[Letterhead of Blank Rome LLP]
May 31, 2013
XCel Brands, Inc.
475 10th Avenue, 4th Floor
New York, NY 10018
Re: XCel Brands, Inc., Registration Statement on Form S-8
Ladies and Gentlemen:
We have acted as counsel to XCel Brands, Inc., a Delaware corporation (the “Company”), in connection with the registration, pursuant to a registration statement on Form S-8, as the same may be amended from time to time (the “Registration Statement”), filed with the Securities and Exchange Commission (the “SEC”) under the Securities Act of 1933, as amended (the “Act”), of 5,000,000 shares of the Company’s common stock, par value $0.001 per share (“Common Stock”) issued or to be issued under the XCel Brands, Inc. 2011 Equity Incentive Plan (the “Plan”), including 2,607,910 Common Shares offered for sale by the selling stockholders listed in the reoffer prospectus contained in the Registration Statement.
We have examined originals or certified copies of such corporate records of the Company and other certificates and documents of officials of the Company, public officials and others as we have deemed relevant or appropriate for purposes of this opinion letter. We have assumed the genuineness of all signatures, the authenticity of all documents submitted to us as originals and the conformity to authentic original documents of all copies submitted to us as conformed and certified or reproduced copies. We have also assumed that all of the shares eligible for issuance under the Plan following the date hereof will be issued for not less than par value.
Based upon the foregoing and subject to the assumptions, exceptions, qualifications and limitations set forth hereinafter, we are of the opinion that when the Registration Statement has become effective under the Act and (i) with respect to the shares of common stock that have not been issued under the Plan, when such shares have been issued, sold and delivered in compliance with the Plan and applicable federal and state securities laws and in the manner described in the Registration Statement, such shares will be duly authorized, validly issued, fully paid and non-assessable and (ii) with respect to the previously issued shares of Common Stock, such shares are duly authorized, validly issued, fully paid and non-assessable.
The opinions in this opinion letter are qualified in their entirety and subject to the following:
A. We express no opinion as to the laws of any jurisdiction other than the General Corporation Law of the State of Delaware.
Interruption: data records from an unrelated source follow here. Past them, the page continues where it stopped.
(* Let $\rho>0$, $Z\in A_\rho(\mathbb{C}^\ell,\mathbb{C}^d)$ with $\ell=d(N+1)$ and $Z(0)=0$, let $\boldsymbol\lambda=(\lambda_1,\ldots,\lambda_m)$ be a stable non-resonant vector of eigenvalues, $\Lambda=\mathrm{diag}(\lambda_1,\ldots,\lambda_m)$, and assume $B_0$ is non-singular. Then: (1) $D\Phi(0)$ maps $H$ into $H$ and $D\Phi(0):H\to H$ is invertible with bounded inverse; (2) if $\varphi\in H$, $\varphi(z)=\sum_{k\ge2}\sum_{|\alpha|=k}z^\alpha\varphi_\alpha$, and $\eta=D\Phi(0)^{-1}\varphi=\sum_{k\ge2}\sum_{|\alpha|=k}z^\alpha\eta_\alpha$, then $\eta_\alpha=T(\boldsymbol\lambda^\alpha)^{-1}\varphi_\alpha$ for every multi-index $\alpha$ with $|\alpha|\ge2$.
   Context: Sup norm $\|\cdot\|_\infty$; $A_\rho(\mathbb{C}^r,\mathbb{C}^s)$ is the Banach space of $f:\{\|z\|_\infty\le\rho\}\to\mathbb{C}^s$, $f(z)=\sum_\alpha z^\alpha\eta_\alpha$, $\|f\|_\rho=\sum_k(\sum_{|\alpha|=k}\|\eta_\alpha\|_\infty)\rho^k<\infty$. $X=A_1(\mathbb{C}^m,\mathbb{C}^d)$, $\mathcal{U}=\{f\in X:\|f\|_1<\rho\}$, $[\Phi(P)](z)=Z(P(z),P(\Lambda z),\ldots,P(\Lambda^Nz))$. $H=\{P\in X: P(0)=0,\ P'(0)=0\}$, i.e. functions $\sum_{k\ge2}\sum_{|\alpha|=k}z^\alpha P_\alpha$, with the norm $\|\cdot\|_1$. $B_i=\partial_iZ(0)$ (derivative w.r.t. the $i$-th block variable), $T(\lambda)=\sum_{i=0}^N\lambda^iB_i$, $\mathcal{F}(\lambda)=\det T(\lambda)$. $\boldsymbol\lambda^\alpha=\prod\lambda_i^{\alpha_i}$. A vector $\boldsymbol\lambda=(\lambda_1,\ldots,\lambda_m)\in\mathbb{C}^m$ is a stable non-resonant vector of eigenvalues if $|\lambda_i|<1$ for all $i$, $\mathcal{F}(\lambda_i)=0$ for all $i$, and $\mathcal{F}(\boldsymbol\lambda^\alpha)\ne0$ for all $\alpha\in\mathbb{Z}_+^m$ with $|\alpha|\ge2$. *)

theory Defs
  imports "HOL-Analysis.Analysis"
begin

text \<open>Variables are indexed by a finite
  index set I (points are functions I -> complex, coordinates outside I are ignored);
  values lie in complex^'s.\<close>

definition mindex :: "'i set \<Rightarrow> ('i \<Rightarrow> nat) set" where
  "mindex I = {\<alpha>. \<forall>i. i \<notin> I \<longrightarrow> \<alpha> i = 0}"

definition mdeg :: "'i set \<Rightarrow> ('i \<Rightarrow> nat) \<Rightarrow> nat" where
  "mdeg I \<alpha> = (\<Sum>i\<in>I. \<alpha> i)"

definition mon :: "'i set \<Rightarrow> ('i \<Rightarrow> complex) \<Rightarrow> ('i \<Rightarrow> nat) \<Rightarrow> complex" where
  "mon I z \<alpha> = (\<Prod>i\<in>I. z i ^ \<alpha> i)"

definition supv :: "complex ^ 's::finite \<Rightarrow> real" where
  "supv v = Max (range (\<lambda>j. cmod (v $ j)))"

definition polydisc :: "real \<Rightarrow> 'i set \<Rightarrow> ('i \<Rightarrow> complex) set" where
  "polydisc \<rho> I = {z. \<forall>i\<in>I. cmod (z i) \<le> \<rho>}"

definition is_Arep :: "real \<Rightarrow> 'i set \<Rightarrow> (('i \<Rightarrow> complex) \<Rightarrow> complex ^ 's::finite)
    \<Rightarrow> (('i \<Rightarrow> nat) \<Rightarrow> complex ^ 's) \<Rightarrow> bool" where
  "is_Arep \<rho> I f c \<longleftrightarrow>
     (\<lambda>\<alpha>. supv (c \<alpha>) * \<rho> ^ mdeg I \<alpha>) summable_on mindex I \<and>
     (\<forall>z\<in>polydisc \<rho> I. ((\<lambda>\<alpha>. mon I z \<alpha> *s c \<alpha>) has_sum f z) (mindex I))"

definition inA :: "real \<Rightarrow> 'i set \<Rightarrow> (('i \<Rightarrow> complex) \<Rightarrow> complex ^ 's::finite) \<Rightarrow> bool" where
  "inA \<rho> I f \<longleftrightarrow> (\<exists>c. is_Arep \<rho> I f c)"

definition coefA :: "real \<Rightarrow> 'i set \<Rightarrow> (('i \<Rightarrow> complex) \<Rightarrow> complex ^ 's::finite)
    \<Rightarrow> ('i \<Rightarrow> nat) \<Rightarrow> complex ^ 's" where
  "coefA \<rho> I f = (SOME c. is_Arep \<rho> I f c)"

definition normA :: "real \<Rightarrow> 'i set \<Rightarrow> (('i \<Rightarrow> complex) \<Rightarrow> complex ^ 's::finite) \<Rightarrow> real" where
  "normA \<rho> I f = infsum (\<lambda>\<alpha>. supv (coefA \<rho> I f \<alpha>) * \<rho> ^ mdeg I \<alpha>) (mindex I)"

text \<open>The space X = A_1(C^m, C^d), with variables indexed by the finite type 'm.\<close>
abbreviation inX :: "(('m::finite \<Rightarrow> complex) \<Rightarrow> complex ^ 'd::finite) \<Rightarrow> bool" where
  "inX f \<equiv> inA 1 UNIV f"
abbreviation normX :: "(('m::finite \<Rightarrow> complex) \<Rightarrow> complex ^ 'd::finite) \<Rightarrow> real" where
  "normX f \<equiv> normA 1 UNIV f"
abbreviation coefX :: "(('m::finite \<Rightarrow> complex) \<Rightarrow> complex ^ 'd::finite) \<Rightarrow> ('m \<Rightarrow> nat) \<Rightarrow> complex ^ 'd" where
  "coefX f \<equiv> coefA 1 UNIV f"

text \<open>equality as elements of X (i.e. on the closed unit polydisc)\<close>
definition eqX :: "(('m::finite \<Rightarrow> complex) \<Rightarrow> complex ^ 'd::finite) \<Rightarrow> (('m \<Rightarrow> complex) \<Rightarrow> complex ^ 'd) \<Rightarrow> bool" where
  "eqX f g \<longleftrightarrow> (\<forall>z\<in>polydisc 1 UNIV. f z = g z)"

text \<open>H = {P in X : P(0)=0, P'(0)=0}, i.e. all Taylor coefficients of degree <= 1 vanish\<close>
definition inH :: "(('m::finite \<Rightarrow> complex) \<Rightarrow> complex ^ 'd::finite) \<Rightarrow> bool" where
  "inH P \<longleftrightarrow> inX P \<and> (\<forall>\<alpha>. mdeg UNIV \<alpha> \<le> 1 \<longrightarrow> coefX P \<alpha> = 0)"

text \<open>The map Phi: [Phi(P)](z) = Z(P(z), P(Lambda z), ..., P(Lambda^N z)); the input of Z is
  indexed by (i, j) with block i in {0..N} and component j.\<close>
definition Phi :: "nat \<Rightarrow> ('m::finite \<Rightarrow> complex) \<Rightarrow> ((nat \<times> 'd::finite \<Rightarrow> complex) \<Rightarrow> complex ^ 'd)
    \<Rightarrow> (('m \<Rightarrow> complex) \<Rightarrow> complex ^ 'd) \<Rightarrow> (('m \<Rightarrow> complex) \<Rightarrow> complex ^ 'd)" where
  "Phi N lam Z P = (\<lambda>z. Z (\<lambda>(i, j). if i \<le> N then P (\<lambda>k. lam k ^ i * z k) $ j else 0))"

definition bounded_linX :: "((('m::finite \<Rightarrow> complex) \<Rightarrow> complex ^ 'd::finite) \<Rightarrow> (('m \<Rightarrow> complex) \<Rightarrow> complex ^ 'd)) \<Rightarrow> bool" where
  "bounded_linX L \<longleftrightarrow>
     (\<forall>f. inX f \<longrightarrow> inX (L f)) \<and>
     (\<forall>f g. inX f \<longrightarrow> inX g \<longrightarrow> eqX (L (\<lambda>z. f z + g z)) (\<lambda>z. L f z + L g z)) \<and>
     (\<forall>c f. inX f \<longrightarrow> eqX (L (\<lambda>z. c *s f z)) (\<lambda>z. c *s L f z)) \<and>
     (\<exists>C. \<forall>f. inX f \<longrightarrow> normX (L f) \<le> C * normX f)"

definition is_DPhi0 :: "((('m::finite \<Rightarrow> complex) \<Rightarrow> complex ^ 'd::finite) \<Rightarrow> (('m \<Rightarrow> complex) \<Rightarrow> complex ^ 'd))
    \<Rightarrow> ((('m \<Rightarrow> complex) \<Rightarrow> complex ^ 'd) \<Rightarrow> (('m \<Rightarrow> complex) \<Rightarrow> complex ^ 'd)) \<Rightarrow> bool" where
  "is_DPhi0 \<Phi> L \<longleftrightarrow> bounded_linX L \<and>
     (\<forall>\<epsilon>>0. \<exists>\<delta>>0. \<forall>h. inX h \<and> normX h < \<delta> \<longrightarrow>
        normX (\<lambda>z. \<Phi> h z - \<Phi> (\<lambda>_. 0) z - L h z) \<le> \<epsilon> * normX h)"

definition inverse_on_H :: "((('m::finite \<Rightarrow> complex) \<Rightarrow> complex ^ 'd::finite) \<Rightarrow> (('m \<Rightarrow> complex) \<Rightarrow> complex ^ 'd))
    \<Rightarrow> ((('m \<Rightarrow> complex) \<Rightarrow> complex ^ 'd) \<Rightarrow> (('m \<Rightarrow> complex) \<Rightarrow> complex ^ 'd)) \<Rightarrow> bool" where
  "inverse_on_H L M \<longleftrightarrow>
     (\<forall>\<phi>. inH \<phi> \<longrightarrow> inH (M \<phi>) \<and> eqX (L (M \<phi>)) \<phi>) \<and>
     (\<forall>P. inH P \<longrightarrow> eqX (M (L P)) P)"

text \<open>B_i = partial derivative of Z at 0 w.r.t. the i-th block variable (a d x d matrix):
  entry (j,k) is the derivative of the j-th component of Z along the (i,k)-th coordinate.\<close>
definition Bmat :: "((nat \<times> 'd::finite \<Rightarrow> complex) \<Rightarrow> complex ^ 'd) \<Rightarrow> nat \<Rightarrow> complex ^ 'd ^ 'd" where
  "Bmat Z i = (\<chi> j k. deriv (\<lambda>t. Z (\<lambda>x. if x = (i, k) then t else 0) $ j) 0)"

definition Tmat :: "nat \<Rightarrow> ((nat \<times> 'd::finite \<Rightarrow> complex) \<Rightarrow> complex ^ 'd) \<Rightarrow> complex \<Rightarrow> complex ^ 'd ^ 'd" where
  "Tmat N Z \<mu> = (\<chi> j k. \<Sum>i\<le>N. \<mu> ^ i * Bmat Z i $ j $ k)"

definition charF :: "nat \<Rightarrow> ((nat \<times> 'd::finite \<Rightarrow> complex) \<Rightarrow> complex ^ 'd) \<Rightarrow> complex \<Rightarrow> complex" where
  "charF N Z \<mu> = det (Tmat N Z \<mu>)"

definition lampow :: "('m::finite \<Rightarrow> complex) \<Rightarrow> ('m \<Rightarrow> nat) \<Rightarrow> complex" where
  "lampow lam \<alpha> = (\<Prod>i\<in>UNIV. lam i ^ \<alpha> i)"

definition stable_nonresonant :: "nat \<Rightarrow> ((nat \<times> 'd::finite \<Rightarrow> complex) \<Rightarrow> complex ^ 'd)
    \<Rightarrow> ('m::finite \<Rightarrow> complex) \<Rightarrow> bool" where
  "stable_nonresonant N Z lam \<longleftrightarrow>
     (\<forall>i. cmod (lam i) < 1) \<and> (\<forall>i. charF N Z (lam i) = 0) \<and>
     (\<forall>\<alpha>. mdeg UNIV \<alpha> \<ge> 2 \<longrightarrow> charF N Z (lampow lam \<alpha>) \<noteq> 0)"

end

theory Submission
  imports Defs
begin

text \<open>
  Elements of \<open>X = A\<^sub>1\<close> are handled through their Taylor coefficients:
  coefficients are unique (a discrete Fourier filter over roots of unity), so equality,
  membership and norm in \<open>X\<close> can be read off from any absolutely summable coefficient family
  representing a function on the closed unit polydisc (\<open>is_Xrep\<close>).

  The candidate derivative is \<open>Lphi h = \<Sum>\<^sub>i B\<^sub>i h(\<Lambda>\<^sup>i \<cdot>)\<close>; it multiplies the coefficient of
  \<open>z\<^sup>\<alpha>\<close> by \<open>T(\<lambda>\<^sup>\<alpha>)\<close>.  Splitting \<open>Z\<close> into its linear part (whose coefficients are the
  entries of the \<open>B\<^sub>i\<close>) and a tail of order two, and expanding the tail composed with \<open>h\<close>
  as a power series, shows \<open>\<parallel>\<Phi>(h) - \<Phi>(0) - Lphi h\<parallel> = O(\<parallel>h\<parallel>\<^sup>2)\<close>, so \<open>Lphi\<close> is the
  derivative \<open>D\<Phi>(0)\<close>.  A general uniqueness argument for derivatives on \<open>X\<close> shows that every
  derivative acts by \<open>T(\<lambda>\<^sup>\<alpha>)\<close> on coefficients; in particular it preserves \<open>H\<close>.

  Non-resonance makes every \<open>T(\<lambda>\<^sup>\<alpha>)\<close>, \<open>|\<alpha>| \<ge> 2\<close>, invertible; stability and the invertibility
  of \<open>B\<^sub>0 = T(0)\<close> bound the inverses uniformly, since \<open>\<lambda>\<^sup>\<alpha> \<rightarrow> 0\<close>.  The diagonal operator
  \<open>\<eta>\<^sub>\<alpha> = T(\<lambda>\<^sup>\<alpha>)\<^sup>-\<^sup>1 \<phi>\<^sub>\<alpha>\<close> is then a bounded inverse on \<open>H\<close>, and every inverse has this form.
\<close>

lemma cmod_nth_le_supv: "cmod (v $ j) \<le> supv v"
  unfolding supv_def by (rule Max_ge) auto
Our opinions are based on these laws as in effect on the date hereof. We express no opinion as to whether the laws of any other jurisdiction are applicable to the subject matter hereof. We are not opining on, and we assume no responsibility for, the applicability for, the applicability to or effect on any of the matters covered herein of (i) any other laws; (ii) the laws of any other jurisdiction; (iii) or the laws of any political subdivision of any state, including any county town or other municipality. We are not rendering any opinion as to compliance with any federal or state law, rule or regulation relating to securities, or to the sale or issuance thereof.
B. This opinion letter is limited to the matters stated herein, and no opinion is implied or may be inferred beyond the matters expressly stated. We assume herein no obligation, and hereby disclaim any obligation, to make any inquiry after the date hereof or to advise you of any future changes in the foregoing or of any facts, circumstances or changes in law that may hereafter come to our attention.
We consent to the reference to this firm as your counsel in the Registration Statement and to the filing of this opinion as Exhibit 5.1 to the Registration Statement. In giving this consent, we do not thereby admit that we are within the category of persons whose consent is required under Section 7 of the Act and the rules and regulations promulgated thereunder.